Import of bookmarks from a HTML page

Hi, I want to import a few bookmarks in a DTPO database (they are exported by Pins app as links on an HTML page) and I have a few doubts about the procedure:

  1. The important question: what is the most efficient way to have the job done? The number is not that huge so my plan is/was: import the HTML page in DTPO, open each link in a separate tab in the “three panes” preview tab (⌘-clicking them) and then capture all tabs as PDF in a single step. Problem is, it seems that I have to capture sequentially each tab. Is it possible to perform the desired multiple tabs capture and how?
    An even better solution would be to select some links in the original HTML page (one link on each row) and then run a script that creates a PDF for each link. Has anybody developed something along this line?

  2. I want to visualize the destination group(s) in “as Icon” mode to have a quick visual clue about the site content but it seems that Bookmarks don’t have a thumbnail when visualized in “as Icon” (see screenshot). Is that correct? Not really a showstopper since I can save them as PDF (as in the screenshot) but saving some space would be a plus.

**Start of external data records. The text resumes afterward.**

(* Let $\mathcal C=(C_v)_{v\in V}$ be a univalent circle packing in $S^2$ indexed by a finite set $V$, and let $\mathcal V_{\mathcal C}=\{U\subset V:\bigcap_{v\in U}C_v\neq\emptyset\}$. Let $\varepsilon\in(0,1)$. Then there exists $\delta\in(0,1)$ such that for every $\alpha\in\mathbb R^3$ with $1-\delta<|\alpha|<1$ we have \[V\setminus V_\alpha^1\in\mathcal V_{\mathcal C},\qquad\text{where } V_\alpha^1=\{v\in V: f_\alpha(C_v)\subset B_\varepsilon(\alpha/|\alpha|)\}.\]
   Context: $S^2$ is the unit sphere in $\mathbb R^3$; $B_\varepsilon(x)$ is the open Euclidean ball of radius $\varepsilon$ about $x$. A spherical cap is a connected closed subset of $S^2$ whose boundary in $S^2$ is a circle obtained as the intersection of $S^2$ with an affine plane (neither empty nor a point); a circle packing is a family of spherical caps, univalent if their interiors are mutually disjoint. For $\beta\in S^2$ let $H_\beta=\{y:\langle y-\beta,\beta\rangle=0\}$, $\pi_\beta:H_\beta\cup\{\infty\}\to S^2$ the stereographic projection $\pi_\beta(y)=\frac{4}{|\beta+y|^2}(\beta+y)-\beta$, $\pi_\beta(\infty)=-\beta$; for $\lambda>0$ let $D^\lambda_\beta(y)=\beta+\lambda(y-\beta)$, $D^\lambda_\beta(\infty)=\infty$, and $g^\lambda_\beta=\pi_\beta^{-1}\circ D^\lambda_\beta\circ\pi_\beta:S^2\to S^2$. For $\alpha$ in the open unit ball define $f_\alpha=g^{1-|\alpha|}_{\alpha/|\alpha|}$ if $\alpha\neq0$ and $f_0=\mathrm{Id}_{S^2}$. *)

theory Defs
  imports "HOL-Analysis.Analysis"
begin

type_synonym R3 = "real ^ 3"

abbreviation S2 :: "R3 set" where "S2 \<equiv> sphere 0 1"

abbreviation S2top :: "R3 topology" where "S2top \<equiv> subtopology euclidean S2"

definition spherical_cap :: "R3 set \<Rightarrow> bool" where
  "spherical_cap C \<longleftrightarrow> C \<subseteq> S2 \<and> connected C \<and> closed C \<and>
     (\<exists>n c. n \<noteq> 0 \<and> S2top frontier_of C = S2 \<inter> {y. n \<bullet> y = c} \<and>
        (\<exists>x y. x \<noteq> y \<and> x \<in> S2 \<inter> {y. n \<bullet> y = c} \<and> y \<in> S2 \<inter> {y. n \<bullet> y = c}))"

definition univalent_circle_packing :: "'v set \<Rightarrow> ('v \<Rightarrow> R3 set) \<Rightarrow> bool" where
  "univalent_circle_packing V C \<longleftrightarrow> (\<forall>v\<in>V. spherical_cap (C v)) \<and>
     (\<forall>u\<in>V. \<forall>v\<in>V. u \<noteq> v \<longrightarrow> (S2top interior_of C u) \<inter> (S2top interior_of C v) = {})"

definition nerve_sets :: "'v set \<Rightarrow> ('v \<Rightarrow> R3 set) \<Rightarrow> 'v set set" where
  "nerve_sets V C = {U. U \<subseteq> V \<and> (\<Inter>v\<in>U. C v) \<noteq> {}}"

text \<open>H_beta, with the point at infinity modelled by None.\<close>
definition tangent_plane :: "R3 \<Rightarrow> R3 set" where
  "tangent_plane \<beta> = {y. (y - \<beta>) \<bullet> \<beta> = 0}"

definition stereo_domain :: "R3 \<Rightarrow> R3 option set" where
  "stereo_domain \<beta> = insert None (Some ` tangent_plane \<beta>)"

fun stereo :: "R3 \<Rightarrow> R3 option \<Rightarrow> R3" where
  "stereo \<beta> (Some y) = (4 / (norm (\<beta> + y))\<^sup>2) *\<^sub>R (\<beta> + y) - \<beta>"
| "stereo \<beta> None = - \<beta>"

fun dilate :: "R3 \<Rightarrow> real \<Rightarrow> R3 option \<Rightarrow> R3 option" where
  "dilate \<beta> lam (Some y) = Some (\<beta> + lam *\<^sub>R (y - \<beta>))"
| "dilate \<beta> lam None = None"

definition gmap :: "R3 \<Rightarrow> real \<Rightarrow> R3 \<Rightarrow> R3" where
  "gmap \<beta> lam x = stereo \<beta> (dilate \<beta> lam (inv_into (stereo_domain \<beta>) (stereo \<beta>) x))"

definition fmap :: "R3 \<Rightarrow> R3 \<Rightarrow> R3" where
  "fmap \<alpha> = (if \<alpha> = 0 then id else gmap (\<alpha> /\<^sub>R norm \<alpha>) (1 - norm \<alpha>))"

end

theory Submission
  imports Defs
begin

(* For alpha close to the unit sphere, f_alpha is the stereographic conjugate of a strong
   contraction towards beta = alpha / |alpha|; quantitatively
   |f_alpha x - beta| * |x + beta| <= 4 (1 - |alpha|) on S2.  Hence every cap that is not
   mapped into B_eps(beta) comes within 4 (1 - |alpha|) / eps of the antipode -beta.
   Since the caps are finitely many closed subsets of the compact sphere, there is an
   eta > 0 such that caps which all come eta-close to one point of S2 have a common
   point.  The choice delta = min (1/2) (eps * eta / 4) combines the two facts. *)

lemma eventually_nerve_radius:
  fixes C :: "'i \<Rightarrow> 'a::metric_space set"
  assumes "finite U" and "compact S"
    and "\<And>v. v \<in> U \<Longrightarrow> closed (C v)" and "\<And>v. v \<in> U \<Longrightarrow> C v \<noteq> {}"
  shows "\<forall>\<^sub>F \<eta> in at_right 0. \<forall>p\<in>S. (\<forall>v\<in>U. infdist p (C v) < \<eta>) \<longrightarrow> (\<Inter>v\<in>U. C v) \<noteq> {}"
proof (cases "S = {} \<or> (\<Inter>v\<in>U. C v) \<noteq> {}")
  case True
  then show ?thesis by auto
next
  case False
  then have "S \<noteq> {}" and empty: "(\<Inter>v\<in>U. C v) = {}" by auto
  define F where "F p = (\<Sum>v\<in>U. infdist p (C v))" for p
  have "continuous_on S F"
    unfolding F_def by (intro continuous_on_sum continuous_on_infdist continuous_on_id)
  then obtain p0 where "p0 \<in> S" and p0_min: "\<And>p. p \<in> S \<Longrightarrow> F p0 \<le> F p"
    using continuous_attains_inf[OF \<open>compact S\<close> \<open>S \<noteq> {}\<close>] by blast
  have "F p0 \<noteq> 0"
  proof
    assume "F p0 = 0"
    then have "\<forall>v\<in>U. infdist p0 (C v) = 0"
      using sum_nonneg_eq_0_iff[OF \<open>finite U\<close>, of "\<lambda>v. infdist p0 (C v)"]
      by (simp add: F_def infdist_nonneg)
    then have "p0 \<in> (\<Inter>v\<in>U. C v)"
      using assms(3,4) in_closed_iff_infdist_zero by blast
    with empty show False by simp
  qed
  then have "F p0 > 0"
    unfolding F_def by (simp add: infdist_nonneg order_less_le sum_nonneg)
  moreover have "U \<noteq> {}" using empty by auto
  ultimately have bound_pos: "F p0 / card U > 0"
    using \<open>finite U\<close> by (simp add: card_gt_0_iff)
  have "\<forall>p\<in>S. (\<forall>v\<in>U. infdist p (C v) < \<eta>) \<longrightarrow> (\<Inter>v\<in>U. C v) \<noteq> {}"
    if "\<eta> < F p0 / card U" for \<eta>
  proof (intro ballI impI)
    fix p assume "p \<in> S" and close: "\<forall>v\<in>U. infdist p (C v) < \<eta>"
    have "F p < (\<Sum>v\<in>U. F p0 / card U)"
      unfolding F_def[of p] using close that
      by (intro sum_strict_mono[OF \<open>finite U\<close> \<open>U \<noteq> {}\<close>]) force
    also have "\<dots> = F p0"
      using \<open>U \<noteq> {}\<close> \<open>finite U\<close> by simp
    finally show "(\<Inter>v\<in>U. C v) \<noteq> {}"
      using p0_min[OF \<open>p \<in> S\<close>] by simp
  qed
  then show ?thesis
    using bound_pos unfolding eventually_at_right_field by blast
qed

lemma exists_nerve_radius:
  fixes C :: "'i \<Rightarrow> 'a::metric_space set"
  assumes "finite V" and "compact S"
    and "\<And>v. v \<in> V \<Longrightarrow> closed (C v)" and "\<And>v. v \<in> V \<Longrightarrow> C v \<noteq> {}"
  shows "\<exists>\<eta>>0. \<forall>U\<in>Pow V. \<forall>p\<in>S. (\<forall>v\<in>U. infdist p (C v) < \<eta>) \<longrightarrow> (\<Inter>v\<in>U. C v) \<noteq> {}"
proof -
  have "\<forall>\<^sub>F \<eta> in at_right 0. \<forall>U\<in>Pow V. \<forall>p\<in>S.
          (\<forall>v\<in>U. infdist p (C v) < \<eta>) \<longrightarrow> (\<Inter>v\<in>U. C v) \<noteq> {}"
  proof (rule eventually_ball_finite)
    show "finite (Pow V)"
      using \<open>finite V\<close> by simp
    show "\<forall>U\<in>Pow V. \<forall>\<^sub>F \<eta> in at_right 0. \<forall>p\<in>S.
            (\<forall>v\<in>U. infdist p (C v) < \<eta>) \<longrightarrow> (\<Inter>v\<in>U. C v) \<noteq> {}"
    proof
      fix U assume "U \<in> Pow V"
      then have "finite U"
        using \<open>finite V\<close> finite_subset by auto
      with \<open>U \<in> Pow V\<close> assms(2-4) show "\<forall>\<^sub>F \<eta> in at_right 0. \<forall>p\<in>S.
          (\<forall>v\<in>U. infdist p (C v) < \<eta>) \<longrightarrow> (\<Inter>v\<in>U. C v) \<noteq> {}"
        by (intro eventually_nerve_radius) auto
    qed
  qed
  then show ?thesis
    using eventually_happens'[OF trivial_limit_at_right_real eventually_conj[OF eventually_at_right_less]]
    by blast
qed

lemma norm_add_tangent_plane_sq:
  assumes "norm \<beta> = 1" and "y \<in> tangent_plane \<beta>"
  shows "(norm (\<beta> + y))\<^sup>2 = 4 + (norm (y - \<beta>))\<^sup>2"
proof -
  have "orthogonal (2 *\<^sub>R \<beta>) (y - \<beta>)"
    using assms(2) by (simp add: orthogonal_def tangent_plane_def inner_commute)
  moreover have "\<beta> + y = 2 *\<^sub>R \<beta> + (y - \<beta>)"
    by (simp add: scaleR_2)
  ultimately have "(norm (\<beta> + y))\<^sup>2 = (norm (2 *\<^sub>R \<beta>))\<^sup>2 + (norm (y - \<beta>))\<^sup>2"
    by (simp only: norm_add_Pythagorean)
  then show ?thesis
    using assms(1) by simp
qed

lemma norm_stereo_add_mult:
  assumes "\<beta> + y \<noteq> 0"
  shows "norm (stereo \<beta> (Some y) + \<beta>) * norm (\<beta> + y) = 4"
  using assms by (simp add: power2_eq_square)

lemma norm_stereo_diff_mult:
  assumes "norm \<beta> = 1" and "y \<in> tangent_plane \<beta>"
  shows "norm (stereo \<beta> (Some y) - \<beta>) * norm (\<beta> + y) = 2 * norm (y - \<beta>)"
proof -
  define t T c where "t = y - \<beta>" and "T = (norm t)\<^sup>2" and "c = 4 / (4 + T)"
  have N: "(norm (\<beta> + y))\<^sup>2 = 4 + T"
    using norm_add_tangent_plane_sq[OF assms] by (simp add: T_def t_def)
  have "\<beta> + y = 2 *\<^sub>R \<beta> + t"
    by (simp add: t_def scaleR_2)
  then have "stereo \<beta> (Some y) - \<beta> = c *\<^sub>R (2 *\<^sub>R \<beta> + t) - \<beta> - \<beta>"
    using N by (simp add: c_def)
  also have "\<dots> = (2 * c - 2) *\<^sub>R \<beta> + c *\<^sub>R t"
    by (simp only: scaleR_add_right scaleR_diff_left scaleR_scaleR) (simp add: scaleR_2 algebra_simps)
  finally have "(norm (stereo \<beta> (Some y) - \<beta>))\<^sup>2 = (2 * c - 2)\<^sup>2 + c\<^sup>2 * T"
    using assms by (simp add: norm_add_Pythagorean orthogonal_def tangent_plane_def t_def
        T_def inner_commute power_mult_distrib)
  also have "\<dots> * (4 + T) = 4 * T"
  proof -
    have "4 + T > 0"
      by (simp add: T_def add_pos_nonneg)
    then have "c * (4 + T) = 4"
      unfolding c_def by (simp add: field_simps)
    have "((2 * c - 2)\<^sup>2 + c\<^sup>2 * T) * (4 + T)
        = (4 * c + c * T) * (c * (4 + T)) - 8 * (c * (4 + T)) + 4 * (4 + T)"
      by (simp add: algebra_simps power2_eq_square)
    also have "\<dots> = 4 * (c * (4 + T)) - 16 + 4 * T"
      using \<open>c * (4 + T) = 4\<close> by (simp add: algebra_simps)
    also have "\<dots> = 4 * T"
      using \<open>c * (4 + T) = 4\<close> by simp
    finally show ?thesis .
  qed
  finally have "(norm (stereo \<beta> (Some y) - \<beta>) * norm (\<beta> + y))\<^sup>2 = (2 * norm (y - \<beta>))\<^sup>2"
    by (simp add: power_mult_distrib N T_def t_def)
  then show ?thesis
    by (rule power2_eq_imp_eq) simp_all
qed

  3. Related to previous point but valid as a general remark on the thumbnails in “as Icon” view: a PDF thaumbnail will disply a whole page of the PDF so if the file is an unpaginated webpage the thumbnail will be a narrow strip practically useless (see screeshot). As for the point 2 above I can save as paginated PDF but in general it would be nice to have thumbnails of this long page PDF created in a sort of “scale to page width” mode.

Thanks in advance for any help!


1 Like

Are you interested in capturing Bookmarks from an HTML page, or capturing the HTML Pages that those bookmarks open? Your first few sentences can be read either way.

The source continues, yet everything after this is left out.